Comme je te le répète, moi sur mon smartphone android les applis que j'utilisent essentiellement c'est tout ce qui est localisation gps/recherche de resto etc, hors avec ton ipod touch, tu va juste profiter des jeux enfait.


----------



## joeldu18cher (2 Août 2010)

et les applis de l'applestore tant vantées sur l'iphone ...? on n'y a pas accès via l'ipod ?
sont -elles intéressantes ?


----------



## Gwen (2 Août 2010)

Gr3gZZ a dit:


> hors avec ton iPod touch, tu vas juste profiter des jeux enfait.

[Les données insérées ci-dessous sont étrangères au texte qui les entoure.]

(* Let $d\ge 3$, let $\mathcal M$ be a model of $\mathrm{PQM}_d$, and let $\varphi(x)$ be an $\mathcal L_d$-formula in the single free variable $x$ which is a finite conjunction of literals, each of the form $[t(x):p]$ or $\neg[t(x):p]$ with $p\in\mathbb H_d$ and $t(x)$ a term obtained from $x$ by applying finitely many function symbols $u_U$, $\pi_q$. If $\mathcal V_d\models\exists x\,\varphi(x)$, then $\mathcal M\models\exists x\,\varphi(x)$.
   Context: Notation. For $d\ge 1$, $\mathbb H_d$ is the set of complex linear subspaces of $\mathbb C^d$, ordered by inclusion $\le$, with $\top=\mathbb C^d$, $\bot=\{0\}$, $p^\bot$ the orthogonal complement, $p\wedge q=p\cap q$ and $p\vee q=p+q$. $\mathbb V_d\subseteq\mathbb H_d$ is the set of one-dimensional subspaces (rays). $\mathbb U_d$ is the set of unitary operators on $\mathbb C^d$, and for $U\in\mathbb U_d$, $p\in\mathbb H_d$, $U(p)=\{Uv: v\in p\}$. The Sasaki projection is $p\,\&\,q := q\cap(q^\bot+p)$. Subspaces $p,q$ are compatible iff $p=(p\wedge q)\vee(p\wedge q^\bot)$. Language $\mathcal L_d$: a first-order language without equality and without constants, having a unary function symbol $u_U$ for each $U\in\mathbb U_d$, a unary function symbol $\pi_q$ for each $q\in\mathbb H_d$, and a unary relation symbol $[\,\cdot:p]$ for each $p\in\mathbb H_d$. Theory $\mathrm{PQM}_d$ (over $\mathcal L_d$) has the following axioms, for all $p,q\in\mathbb H_d$ and $U\in\mathbb U_d$: ($\neg\bot$) $\exists x\,\neg[x:\bot]$; ($\top$) $\forall x\,[x:\top]$; ($\le$) if $p\le q$: $\forall x\,([x:p]\to[x:q])$; ($\wedge$) if $p,q$ are compatible: $\forall x\,([x:p]\wedge[x:q]\to[x:p\wedge q])$; ($\pi_i$) $\forall x\,([x:p]\to[\pi_q(x):p\,\&\,q])$; ($\pi_c$) if $p\le q$: $\forall x\,([\pi_p(\pi_q(x)):\bot]\to[\pi_p(x):\bot])$; ($\pi_\bot$) $\forall x\,([\pi_q(x):\bot]\to[x:q^\bot])$; ($u_i$) $\forall x\,([x:p]\to[u_U(x):U(p)])$; ($u_e$) $\forall x\,([u_U(x):p]\to[x:U^{-1}(p)])$. Vector model $\mathcal V_d$: the $\mathcal L_d$-structure with domain $\mathbb V_d\cup\{\bot\}$, $u_U^{\mathcal V_d}(x)=U(x)$, $\pi_q^{\mathcal V_d}(x)=x\,\&\,q$, and $[x:p]^{\mathcal V_d}$ holds iff $x\le p$. *)

theory Defs
  imports "HOL-Analysis.Analysis"
begin

section \<open>Complex Hilbert space C^d, with d = CARD('n)\<close>

type_synonym 'n cvec = "complex ^ 'n"
type_synonym 'n cmat = "complex ^ 'n ^ 'n"

definition hinner :: "'n::finite cvec \<Rightarrow> 'n cvec \<Rightarrow> complex" where
  "hinner v w = (\<Sum>i\<in>UNIV. v $ i * cnj (w $ i))"

definition csubspace :: "'n::finite cvec set \<Rightarrow> bool" where
  "csubspace S \<longleftrightarrow> 0 \<in> S \<and> (\<forall>v\<in>S. \<forall>w\<in>S. v + w \<in> S) \<and> (\<forall>c. \<forall>v\<in>S. c *s v \<in> S)"

definition HH :: "'n::finite cvec set set" where
  "HH = {S. csubspace S}"

definition ortho :: "'n::finite cvec set \<Rightarrow> 'n cvec set" where
  "ortho p = {v. \<forall>w\<in>p. hinner v w = 0}"

definition ssum :: "'n::finite cvec set \<Rightarrow> 'n cvec set \<Rightarrow> 'n cvec set" where
  "ssum p q = {a + b | a b. a \<in> p \<and> b \<in> q}"

definition botS :: "'n::finite cvec set" where "botS = {0}"
definition topS :: "'n::finite cvec set" where "topS = UNIV"

definition sasaki :: "'n::finite cvec set \<Rightarrow> 'n cvec set \<Rightarrow> 'n cvec set" where
  "sasaki p q = q \<inter> ssum (ortho q) p"

definition compatible :: "'n::finite cvec set \<Rightarrow> 'n cvec set \<Rightarrow> bool" where
  "compatible p q \<longleftrightarrow> p = ssum (p \<inter> q) (p \<inter> ortho q)"

definition adj :: "'n::finite cmat \<Rightarrow> 'n cmat" where
  "adj U = (\<chi> i j. cnj (U $ j $ i))"

definition unitary :: "'n::finite cmat \<Rightarrow> bool" where
  "unitary U \<longleftrightarrow> U ** adj U = mat 1 \<and> adj U ** U = mat 1"

definition uimg :: "'n::finite cmat \<Rightarrow> 'n cvec set \<Rightarrow> 'n cvec set" where
  "uimg U p = (\<lambda>v. U *v v) ` p"

definition uinvimg :: "'n::finite cmat \<Rightarrow> 'n cvec set \<Rightarrow> 'n cvec set" where
  "uinvimg U p = {w. U *v w \<in> p}"

datatype ('n::finite) trm = Var | U_app "'n cmat" "'n trm" | Pi_app "'n cvec set" "'n trm"

text \<open>A term is an L_d-term iff all its unitary / projection indices are legal symbols.\<close>
fun wf_trm :: "'n::finite trm \<Rightarrow> bool" where
  "wf_trm Var = True"
| "wf_trm (U_app U t) = (unitary U \<and> wf_trm t)"
| "wf_trm (Pi_app q t) = (q \<in> HH \<and> wf_trm t)"

text \<open>A literal (b, t, p): [t(x):p] if b, and \<not>[t(x):p] otherwise.\<close>
type_synonym 'n lit = "bool \<times> 'n trm \<times> 'n cvec set"

definition wf_lit :: "('n::finite) lit \<Rightarrow> bool" where
  "wf_lit l = (case l of (b, t, p) \<Rightarrow> wf_trm t \<and> p \<in> HH)"

section \<open>Structures: u (for u_U), prj (for pi_q), rel (for [. : p])\<close>

fun eval :: "('n::finite cmat \<Rightarrow> 'a \<Rightarrow> 'a) \<Rightarrow> ('n cvec set \<Rightarrow> 'a \<Rightarrow> 'a) \<Rightarrow> 'n trm \<Rightarrow> 'a \<Rightarrow> 'a" where
  "eval u prj Var x = x"
| "eval u prj (U_app U t) x = u U (eval u prj t x)"
| "eval u prj (Pi_app q t) x = prj q (eval u prj t x)"

definition sat_lits :: "('n::finite cmat \<Rightarrow> 'a \<Rightarrow> 'a) \<Rightarrow> ('n cvec set \<Rightarrow> 'a \<Rightarrow> 'a)
    \<Rightarrow> ('n cvec set \<Rightarrow> 'a \<Rightarrow> bool) \<Rightarrow> 'n lit list \<Rightarrow> 'a \<Rightarrow> bool" where
  "sat_lits u prj rel phi x = (\<forall>(b, t, p) \<in> set phi. rel p (eval u prj t x) = b)"

definition PQM_model :: "('n::finite cmat \<Rightarrow> 'a \<Rightarrow> 'a) \<Rightarrow> ('n cvec set \<Rightarrow> 'a \<Rightarrow> 'a)
    \<Rightarrow> ('n cvec set \<Rightarrow> 'a \<Rightarrow> bool) \<Rightarrow> bool" where
  "PQM_model u prj rel \<longleftrightarrow>
     (\<exists>x. \<not> rel botS x) \<and>
     (\<forall>x. rel topS x) \<and>
     (\<forall>p\<in>HH. \<forall>q\<in>HH. p \<subseteq> q \<longrightarrow> (\<forall>x. rel p x \<longrightarrow> rel q x)) \<and>
     (\<forall>p\<in>HH. \<forall>q\<in>HH. compatible p q \<longrightarrow> (\<forall>x. rel p x \<and> rel q x \<longrightarrow> rel (p \<inter> q) x)) \<and>
     (\<forall>p\<in>HH. \<forall>q\<in>HH. \<forall>x. rel p x \<longrightarrow> rel (sasaki p q) (prj q x)) \<and>
     (\<forall>p\<in>HH. \<forall>q\<in>HH. p \<subseteq> q \<longrightarrow> (\<forall>x. rel botS (prj p (prj q x)) \<longrightarrow> rel botS (prj p x))) \<and>
     (\<forall>q\<in>HH. \<forall>x. rel botS (prj q x) \<longrightarrow> rel (ortho q) x) \<and>
     (\<forall>p\<in>HH. \<forall>U. unitary U \<longrightarrow> (\<forall>x. rel p x \<longrightarrow> rel (uimg U p) (u U x))) \<and>
     (\<forall>p\<in>HH. \<forall>U. unitary U \<longrightarrow> (\<forall>x. rel p (u U x) \<longrightarrow> rel (uinvimg U p) x))"

text \<open>Domain: rays together with bot, i.e. the complex spans of single vectors.\<close>
definition VV :: "'n::finite cvec set set" where
  "VV = {{c *s v | c. True} | v. True}"

definition V_u :: "'n::finite cmat \<Rightarrow> 'n cvec set \<Rightarrow> 'n cvec set" where
  "V_u U x = uimg U x"

definition V_pi :: "'n::finite cvec set \<Rightarrow> 'n cvec set \<Rightarrow> 'n cvec set" where
  "V_pi q x = sasaki x q"

definition V_rel :: "'n::finite cvec set \<Rightarrow> 'n cvec set \<Rightarrow> bool" where
  "V_rel p x \<longleftrightarrow> x \<subseteq> p"

end

theory Submission
  imports Defs "HOL-Library.Quadratic_Discriminant"
begin

(* Fix a witness ray X of the formula in V_d. We find an element m of the model that "represents"
   X, i.e. [m : p] holds exactly for the subspaces p containing X. Representation is preserved by
   u_U and pi_q, so every term t(m) represents t(X) and m satisfies the same literals as X.

   The heart of the matter is that an element m with not [m : bot] lies in at most one ray. If m
   lies in two rays at an angle with tan^2 = s > 0, then the axioms for pi_q and compatible meets
   put m into a whole one-parameter family of rays spanned by vectors in three pairwise orthogonal
   directions (this needs d >= 3), among which two rays have tan^2 = s + s^2/4. Iterating makes
   tan^2 >= 10, and then the family contains two orthogonal rays, whose meet bot contains m. *)

section \<open>The Hermitian inner product\<close>

lemma hinner_add_left: "hinner (a + b) c = hinner a c + hinner b c"
  by (simp add: hinner_def sum.distrib algebra_simps)

lemma hinner_add_right: "hinner c (a + b) = hinner c a + hinner c b"
  by (simp add: hinner_def sum.distrib algebra_simps)

lemma hinner_diff_left: "hinner (a - b) c = hinner a c - hinner b c"
  by (simp add: hinner_def sum_subtractf algebra_simps)

lemma hinner_diff_right: "hinner c (a - b) = hinner c a - hinner c b"
  by (simp add: hinner_def sum_subtractf algebra_simps)

lemma hinner_smult_left: "hinner (k *s a) c = k * hinner a c"
  by (simp add: hinner_def sum_distrib_left algebra_simps)

lemma hinner_smult_right: "hinner c (k *s a) = cnj k * hinner c a"
  by (simp add: hinner_def sum_distrib_left algebra_simps)

lemma hinner_zero_left [simp]: "hinner 0 a = 0"
  by (simp add: hinner_def)

lemma hinner_zero_right [simp]: "hinner a 0 = 0"
  by (simp add: hinner_def)

lemmas hinner_simps = hinner_add_left hinner_add_right hinner_diff_left hinner_diff_right
  hinner_smult_left hinner_smult_right

lemma hinner_commute: "hinner b a = cnj (hinner a b)"
  by (simp add: hinner_def mult.commute)

lemma hinner_eq_0_commute: "hinner b a = 0 \<longleftrightarrow> hinner a b = 0"
  by (metis complex_cnj_zero_iff hinner_commute)

lemma hinner_self: "hinner a a = of_real (norm a ^ 2)"
proof -
  have "hinner a a = (\<Sum>i\<in>UNIV. of_real ((cmod (a $ i))\<^sup>2))"
    unfolding hinner_def by (intro sum.cong refl) (metis complex_norm_square)
  also have "\<dots> = of_real (norm a ^ 2)"
    by (simp add: norm_vec_def L2_set_def sum_nonneg)
  finally show ?thesis .
qed

lemma hinner_self_eq_0 [simp]: "hinner a a = 0 \<longleftrightarrow> a = 0"
  by (simp add: hinner_self)

lemma norm_sq_eq_if_hinner_self: "hinner a a = of_real r \<Longrightarrow> norm a ^ 2 = r"
  by (metis hinner_self of_real_eq_iff)

lemma hinner_eq_0_iff_inner: "hinner x y = 0 \<longleftrightarrow> inner x y = 0 \<and> inner x (\<i> *s y) = 0"
proof -
  have "inner x y = Re (hinner x y)" "inner x (\<i> *s y) = Im (hinner x y)"
    by (simp_all add: inner_vec_def hinner_def inner_complex_def Re_sum Im_sum algebra_simps)
  then show ?thesis by (simp add: complex_eq_iff)
qed

lemma hinner_axis_right: "hinner v (axis j 1) = v $ j"
  unfolding hinner_def axis_def by (simp add: if_distrib cong: if_cong)

lemma norm_sq_eq_Re_hinner: "norm a ^ 2 = Re (hinner a a)"
  by (simp add: hinner_self)

lemma hinner_self_smult: "hinner (c *s a) (c *s a) = of_real (cmod c ^ 2) * hinner a a"
proof -
  have "hinner (c *s a) (c *s a) = (c * cnj c) * hinner a a"
    by (simp add: hinner_simps mult.assoc)
  then show ?thesis
    by (simp only: complex_norm_square)
qed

Je te trouve bien pessimiste.

Avec mon iPod touch, je peux utiliser plein de logiciels, que ce soit des bases de données, des lecteurs de texte, des lecteurs de BD, des logiciels de dessin, etc. Il y a plein de choses à utiliser avec un tel appareil.


----------



## Gr3gZZ (2 Août 2010)

Bah ouai si t'a un usage spécifique ok, mais là l'auteur du sujet ne semble pas en avoir besoin réellement. J'ai 4 proches qu'ont pris l'ipod touch, moi j'ai pris le nano. Résultat > Leur touch sont au fond d'un tirroir, par contre mon nano toujours dans ma poche...Je me base sur l'expérience que j'ai vu et vécu...


----------



## joeldu18cher (2 Août 2010)

j'ai deja quelques applis sur mon tel sony w995, mais bien sur ce n'est rien face aux applis du iphone... je pense ... et je me demandais si pour des applis ou une connection d'appoint wifi , l'ipod pouvait permettre une complémentarité utile et différente avec un imac ( donc ordi fixe) et une imprimante par exemple ..
par exemple, me connecter sur le net via le wifi mais dans une autre piece de ma maison.. genre petit ecran de surf auxiliaire ...?


----------



## smarchat (3 Août 2010)

Va z y, il ne te coute rien.  Tu peux joue et ecouter ta musique sans problemes, tres agreable pour lire au lit... Mais tu t'enferme ds le monde Apple, dificile d'en sortir..


----------



## tantoillane (3 Août 2010)

Salut,

Étudiant dans le supérieur, j'ai un emploi du temps qui change chaque semaine, et j'ai rapidement abandonné le bon vieux papier tout gribouillé (chaque fois qu'il y a un changement d'heure, etc) pour le calendrier de l'iPod. Je m'en sert aussi comme agenda pour noter les choses à faire, les choses à penser (avec alarme si nécessaire), comme réveil le matin, pour la musique et naturellement pour jouer dans le bus. Enfin l'appli notes me sert tous les temps : pour noter mes dépenses, la liste de courses, etc, etc
J'allais oublier le dictionnaire fr-anglais
Il est vrai que dans l'ensemble j'ai beaucoup d'appli installées qui ont servi deux ou trois, qui amusent les amis quand ils ont l'iPod entre les mains mais qui ne servent à rien, cependant, je pense que je serai perdu sans ce deuxième cerveau qui pense à tout et au bon moment


----------